The present work proposes new anisotropic models for hyperelasticity at finite deformations, which combine material theoretical considerations with machine learning methods. In this way, data-driven approaches are developed that fulfill by construction the principle of objectivity and material symmetry conditions for any given material symmetry group. In particular, a ML-based hyperelastic model \(W^{\mathsf {MLW}}\) through (18), a ML-based stress model \(\varvec{P}^{\mathsf {MLP}}\) through (23), and aML-extended hyperelastic model \(W^{\mathsf {MLI}}\) based on (28), which is motivated from the work of [20], are introduced. In all ML models, any suitable ML approach can be inserted. In the present work, differentiable FFNNs were used in order to ensure the computation of stresses and potential stress tangents.

These ML-based approaches have been compared to the highly flexible theoretical model proposed by [20] and among themselves. As benchmark examples, simulation data of the homogenized constitutive behavior of cubic 3D lattice cells has been gathered. These considered flexible metamaterials exhibit finite deformations with strong instabilities in various loading scenarios depending on the cell topology. In the first example of the X cell, the approaches of the present work manage not only to capture the instability in volumetric compression, but they also forecast the manifestation of instabilities in more complex test scenarios not contained in the calibration data. Thus, they largely outperform the constitutive model of [20]. In the second example of the BCC cell, the ML models are trained with synthetic data of a BCC cell, which even exhibits several instabilities. All instabilities are reproduced by the ML models, at what \(W^{\mathsf {MLW}}\) shows the best performance.

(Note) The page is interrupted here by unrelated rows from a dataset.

(* Let $R$ (red) and $B$ (blue) be finite sets of points in the plane with $S=B\cup R$ in general position, $r=|R|$ and $|B|=r+2\delta$ for an integer $\delta\ge 0$. Let $k\ge 0$ be an integer. (i) In an $R^k$-rotation, every transition $\delta\rightsquigarrow\delta+1$ or $\delta+1\rightsquigarrow\delta$ of $\omega(R^k_t)$, occurring at angle $t_0$, occurs through a balanced line, i.e. the line $R^k_{t_0}$ is a balanced line. (ii) In a $B^k$-rotation, every transition $\delta\rightsquigarrow\delta-1$ or $\delta-1\rightsquigarrow\delta$ of $\omega(B^k_t)$, occurring at angle $t_0$, occurs through a balanced line, i.e. the line $B^k_{t_0}$ is a balanced line.
   Context: General position means no three points of $S$ are collinear. Coordinates are chosen so that all points of $S$ have distinct abscissae. Each blue point has weight $\omega(p)=+1$ and each red point has weight $\omega(q)=-1$. For an open halfplane $H$, $\omega(H)=\sum_{s\in S\cap H}\omega(s)$. For a directed line $\ell$, $\ell^+$ and $\ell^-$ denote the open halfplanes to the right and to the left of $\ell$, and $\omega(\ell):=\omega(\ell^+)$. A line determined by two points of $S$ is balanced if both open halfplanes it bounds have weight $\delta$. For $P\subseteq S$ and an integer $k$, a $P^k$-rotation is a family of directed lines $P^k_t$, $t\in[0,2\pi]$, where $t$ is the angle of the direction of the line measured from the vertical axis, such that $P^k_0$ contains exactly one point of $P$, and as $t$ increases the line rotates counterclockwise so that (i) $|P\cap P^k_t|=1$ except for finitely many values of $t$ at which $|P\cap P^k_t|=2$, and (ii) whenever $|P\cap P^k_t|=1$, exactly $k$ points of $P$ lie to the right of $P^k_t$. The point of $P$ on the line (the pivot) changes exactly when the line contains two points of $P$; $P^k_0=P^k_{2\pi}$. A transition $a\rightsquigarrow a'$ of $\omega(P^k_t)$ at angle $t_0$ means that $\omega(P^k_t)=a$ for all $t<t_0$ sufficiently close to $t_0$ and $\omega(P^k_t)=a'$ for all $t>t_0$ sufficiently close to $t_0$ (angles taken cyclically). *)

theory Defs
  imports "HOL-Analysis.Analysis"
begin

type_synonym pt = "real \<times> real"

text \<open>A directed line with direction angle t (measured counterclockwise from the
  vertical axis, direction vector (-sin t, cos t)) is described by an offset c:
  it is the set of points p with cos t * x(p) + sin t * y(p) = c.\<close>

definition nval :: "real \<Rightarrow> pt \<Rightarrow> real" where
  "nval t p = cos t * fst p + sin t * snd p"

definition dline :: "real \<Rightarrow> real \<Rightarrow> pt set" where
  "dline t c = {p. nval t p = c}"

definition right_hp :: "real \<Rightarrow> real \<Rightarrow> pt set" where
  "right_hp t c = {p. nval t p > c}"

definition left_hp :: "real \<Rightarrow> real \<Rightarrow> pt set" where
  "left_hp t c = {p. nval t p < c}"

definition weight :: "pt set \<Rightarrow> pt set \<Rightarrow> pt set \<Rightarrow> int" where
  "weight B R H = int (card (B \<inter> H)) - int (card (R \<inter> H))"

definition general_position :: "pt set \<Rightarrow> bool" where
  "general_position S \<longleftrightarrow>
     (\<forall>p\<in>S. \<forall>q\<in>S. \<forall>r\<in>S. p \<noteq> q \<and> p \<noteq> r \<and> q \<noteq> r \<longrightarrow>
        (fst q - fst p) * (snd r - snd p) \<noteq> (snd q - snd p) * (fst r - fst p))"

text \<open>A P^k-rotation, given by the offset function c on [0, 2 pi]
  (the line at angle t is dline t (c t)); the line moves continuously.\<close>
definition is_rotation :: "pt set \<Rightarrow> nat \<Rightarrow> (real \<Rightarrow> real) \<Rightarrow> bool" where
  "is_rotation P k c \<longleftrightarrow>
     continuous_on {0..2*pi} c \<and>
     c 0 = c (2*pi) \<and>
     card (P \<inter> dline 0 (c 0)) = 1 \<and>
     (\<forall>t\<in>{0..2*pi}. card (P \<inter> dline t (c t)) \<in> {1, 2}) \<and>
     finite {t\<in>{0..2*pi}. card (P \<inter> dline t (c t)) = 2} \<and>
     (\<forall>t\<in>{0..2*pi}. card (P \<inter> dline t (c t)) = 1 \<longrightarrow> card (P \<inter> right_hp t (c t)) = k)"

definition cyc :: "(real \<Rightarrow> real) \<Rightarrow> real \<Rightarrow> real" where
  "cyc c t = c (t - 2*pi * of_int \<lfloor>t / (2*pi)\<rfloor>)"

We conclude that the novel approaches proposed in the present work not only offer better results than the approach of [20], but higher flexibility at minor intrusion. Thus, the hyperelastic ML-based model \(W^{\mathsf {MLW}}\) based on (18) showed the best generalization behavior and the best prediction quality in the investigated examples. The model \(W^{\mathsf {MLW}}\) offers an attractive alternative for anisotropic hyperelastic constitutive models, not only for lattice structures, but for other anisotropic hyperelastic cases, with potential application as material law in finite element simulations. For non-hyperelastic problems, the stress model \(\varvec{P}^\mathsf {MLP}\) may be used as an initial structure for future developments of data-driven constitutive laws. The ML-extended approach \(W^\mathsf {MLI}\) does not offer the prediction quality of the former ML models, but shows that mechanical models, as the one of [20], can be extended at key modeling points in order to capture new constitutive behavior, as the instabilities of lattice structures. All models have been calibrated with small amounts of data based on few mechanical simulations. As shown in the re-calibration of all ML models, the more data is provided, the better performance can be achieve due to their flexibility. Finally, it should be remarked that no single best performing architecture has been identified in the provided examples. For the \(W^\mathsf {MLW}\), based on Tables 1 and 2, it appears that the small architecture \(\mathcal {N}[8,8,8]\) yields very good results at low complexity. For the remaining ML models, very different architectures achieve among themselves comparable quality. It is, therefore, recommended to always perform an architecture sweep for new hyperelastic microstructures, if resources are available. This not only helps to obtain a set of high-quality candidates, but also to allow a model selection with a sensible compromise between prediction quality and model complexity based on pragmatic requirements for applications of interest.